Write a fitting function that takes the log of the fluxes and returns an estimate of the parameters of the per-feature likelihoods for each class.

In [31]:
def per_feature_likelihood_parameters(x_train, label):
    """"
    Computes MAP estimates for the class conditional likelihood. 
     
    Args:
        x_train (array or pd series): training data for the classifier
        label (int): training labels for the classifier 
 
    Returns:
        means, stdevs (array): MAP estimates of the Gaussian conditional probability distributions for a specific class
    """
    
    means = 
    stdevs = 
    
    return means, stdevs


### Part 3: MAP Estimates of the Class Probabilities

Now that we have the unconditional class probabilities and the parameters of the per feature likelihoods in hand, we can put this all together to build the classifier. Use the methods you have already written to write a function that takes in the training data and returns fit parameters. Once you have done that, write a method that takes the fit parameters as an argument and predicts the class of new (and unseen) data. 

In [32]:
# build the classifier

# solved 

def fit(x_train):
    """"
    Convenience function to perform fitting on the training data
     
    Args:
        x_train (array or pd series): training data for the classifier
 
    Returns:
        p1, p2, class_1_mean, class_2_mean, class_1_std, class_2_std: see documentation for per_feature_likelihood_parameters
    """
    
    # compute probabilities and MAP estimates of the Gaussian distribution's parameters using the methods you wrote above
    
    return p1, p2, class_1_mean, class_2_mean, class_1_std, class_2_std


In [34]:

def predict(x_test, class_probability, class_means, class_dev):
    """"
    Predict method
     
    Args:
        x_test (array): data to perform classification on
        class_probability (array): unconditional class probabilities
        class_means, class_dev (array): MAP estimates produced by the fit method
 
    Returns:
        predict_List (list): class membership predictions
    """
    
    # compute probabilities of an element of the test set belonging to class 1 or 2
        
    for i in range():
        if 
            
        if 
    
    return predict_list

### Part 4: Metrics

After creating a classifier, you now want to evaluate it in terms of how often it correctly and incorrectly classifies the objects in your training set. To do this, we'll design a confusion matrix. A confusion matrix is a matrix whose entries are the counts of the predicted vs actual class.
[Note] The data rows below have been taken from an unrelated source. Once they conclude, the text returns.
(* Let $\pi$ be uniform on $\mathrm{PF}_n$ and $f$ uniform on $\widetilde{\mathcal F}_n$. Then the species $\mu(\pi)$ and $\mu(f)$ have the same distribution. Consequently the number of inversions $\#\{(i,j):i<j,\ g(i)>g(j)\}$ has the same distribution for $g=\pi$ and $g=f$.
   Context: A parking function of length $n$ is a sequence $(\pi_1,\dots,\pi_n)$ with $1\le\pi_i\le n$ such that $\#\{t:\pi_t\le i\}\ge i$ for all $1\le i\le n$; $\mathrm{PF}_n$ denotes the set of these. $\widetilde{\mathcal F}_n$ is the set of all functions $g:[n]\to[n+1]$. For $g\in\widetilde{\mathcal F}_n$ and $0\le i\le n$, let $\mu_i(g)$ be the number of values $v\in[n+1]$ with $\#\{t:g(t)=v\}=i$; the species of $g$ is $\mu(g)=(\mu_0(g),\mu_1(g),\dots,\mu_n(g))$. *)

theory Defs
  imports "HOL-Probability.Probability"
begin

definition PF :: "nat \<Rightarrow> (nat \<Rightarrow> nat) set" where
  "PF n = {p \<in> {1..n} \<rightarrow>\<^sub>E {1..n}. \<forall>i\<in>{1..n}. card {t\<in>{1..n}. p t \<le> i} \<ge> i}"

definition Ftilde :: "nat \<Rightarrow> (nat \<Rightarrow> nat) set" where
  "Ftilde n = {1..n} \<rightarrow>\<^sub>E {1..n+1}"

definition mu :: "nat \<Rightarrow> (nat \<Rightarrow> nat) \<Rightarrow> nat \<Rightarrow> nat" where
  "mu n g i = card {v\<in>{1..n+1}. card {t\<in>{1..n}. g t = v} = i}"

definition species :: "nat \<Rightarrow> (nat \<Rightarrow> nat) \<Rightarrow> nat list" where
  "species n g = map (mu n g) [0..<n+1]"

definition inversions :: "nat \<Rightarrow> (nat \<Rightarrow> nat) \<Rightarrow> nat" where
  "inversions n g = card {(i,j). i\<in>{1..n} \<and> j\<in>{1..n} \<and> i < j \<and> g i > g j}"

end

theory Submission
  imports Defs
begin

text \<open>Both statements follow from one counting identity: for every property of the pair
  (species, number of inversions), the functions in \<open>Ftilde n\<close> with that property are exactly
  \<open>n + 1\<close> times as many as the parking functions with it. Group the functions by their content,
  the multiplicity of each value. Both the species and being a parking function depend only on the
  content, and by the cycle lemma exactly one of the \<open>n + 1\<close> cyclic rotations of a content is the
  content of a parking function. It remains to see that rotating the content does not change the
  distribution of inversions among the functions with that content. A rotation is a product of
  adjacent transpositions \<open>(v v+1)\<close>, and each of them is realised by an inversion-preserving
  involution: reverse the subword of letters \<open>v\<close>, \<open>v + 1\<close> and exchange the two letters.\<close>

section \<open>Order-reversing involution of a finite set\<close>

definition rank_in :: "'a::linorder set \<Rightarrow> 'a \<Rightarrow> nat" where
  "rank_in P = the_inv_into {..<card P} ((!) (sorted_list_of_set P))"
For example, the first entry is the count of objects that are predicted to be of class 1 and actually are of class 1 and so on, while the off-diagonal elements would be instances of class 1 that are predicted to be of class 2, and instances of class 2 that are predicted to be of class 1. 

In [37]:
def plot_confusion_matrix(df_confusion, cmap=):
    """
    
    Convenience function to plot the confusion matrix from a pd.crosstab object. Hint: use plt.matshow and choose a sensible color map.
    
    Args:
        df_confusion (pd.crosstab): A pd.crosstab object.
        
    Returns:
        null 
    """
    
    
    plt.matshow()


## Problem 2: The Cramer-Rao bound (pen & paper, challenging, optional)
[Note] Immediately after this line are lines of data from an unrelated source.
lemma in_shuffles_iff_sorted_wrt_outward:
  fixes s :: "nat list"
  assumes "set s = {1..n} - {k}" and "k \<le> n"
  shows "s \<in> shuffles (rev [1..<k]) [Suc k..<Suc n] \<longleftrightarrow> sorted_wrt (outward k) s"
proof -
  have below: "set (filter (\<lambda>x. x < k) s) = {1..<k}"
    and above: "set (filter (\<lambda>x. k < x) s) = {Suc k..<Suc n}"
    using assms unfolding set_filter by (simp_all add: set_eq_iff) linarith+
  have split_low: "filter (\<lambda>x. x \<in> set (rev [1..<k])) s = filter (\<lambda>x. x < k) s"
    and split_high: "filter (\<lambda>x. x \<notin> set (rev [1..<k])) s = filter (\<lambda>x. k < x) s"
    and split_not_low: "filter (\<lambda>x. \<not> x < k) s = filter (\<lambda>x. k < x) s"
    by (rule filter_cong[OF refl]; use assms(1) in \<open>simp add: nat_neq_iff\<close>; linarith)+
  have "s \<in> shuffles (rev [1..<k]) [Suc k..<Suc n] \<longleftrightarrow>
          filter (\<lambda>x. x < k) s = rev [1..<k] \<and> filter (\<lambda>x. k < x) s = [Suc k..<Suc n]"
  proof
    assume "s \<in> shuffles (rev [1..<k]) [Suc k..<Suc n]"
    from filter_shuffles_disjoint1[OF _ this]
    show "filter (\<lambda>x. x < k) s = rev [1..<k] \<and> filter (\<lambda>x. k < x) s = [Suc k..<Suc n]"
      unfolding split_low split_high by (simp del: upt_Suc)
  next
    assume "filter (\<lambda>x. x < k) s = rev [1..<k] \<and> filter (\<lambda>x. k < x) s = [Suc k..<Suc n]"
    then show "s \<in> shuffles (rev [1..<k]) [Suc k..<Suc n]"
      using partition_in_shuffles[of s "\<lambda>x. x < k"] unfolding split_not_low by simp
  qed
  also have "\<dots> \<longleftrightarrow> sorted_wrt (>) (filter (\<lambda>x. x < k) s) \<and> sorted_wrt (<) (filter (\<lambda>x. k < x) s)"
    using strict_sorted_iff_eq[of "rev (filter (\<lambda>x. x < k) s)" "[1..<k]"]
      strict_sorted_iff_eq[of "filter (\<lambda>x. k < x) s" "[Suc k..<Suc n]"] below above
    by (simp add: sorted_wrt_rev rev_swap del: upt_Suc)
  also have "\<dots> \<longleftrightarrow> sorted_wrt (outward k) s"
    using assms(1) by (simp add: sorted_wrt_outward_iff)
  finally show ?thesis .
qed

lemma upt_1_Suc: "1 \<le> n \<Longrightarrow> [1..<Suc n] = 1 # [2..<Suc n]"
  using upt_conv_Cons[of 1 "Suc n"] by (simp add: numeral_2_eq_2 del: upt_Suc)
As we saw in the lecture, the Cramer-Rao bound is an important result in statistics that has intuitive consequences for many applied problems in ML. The proof of the Cramer-Rao bound can be insightful to work through. 

The starting point for the proof of the bound is the Cauchy-Schwarz inequality, which can be used to show that:

$$
[Cov(U, V)]^2 \le Var(U)Var(V)
$$

Starting from the definitions that U = T(X), where T(X) is an estimator of some parameter $\theta$ of the distribution $f(X|\theta)$ from which the data is sampled, and V = $\frac{\partial}{\partial \theta} log f(X |\theta)$. Use the Cauchy-Schwarz inequality to show the Cramer-Rao bound for these choices of U and V. 

$\textit{Hint:}$ you will need the fact that the $\mathbb{E}(V) = 0$, where $\mathbb{E}$ is the expectation of a random variable.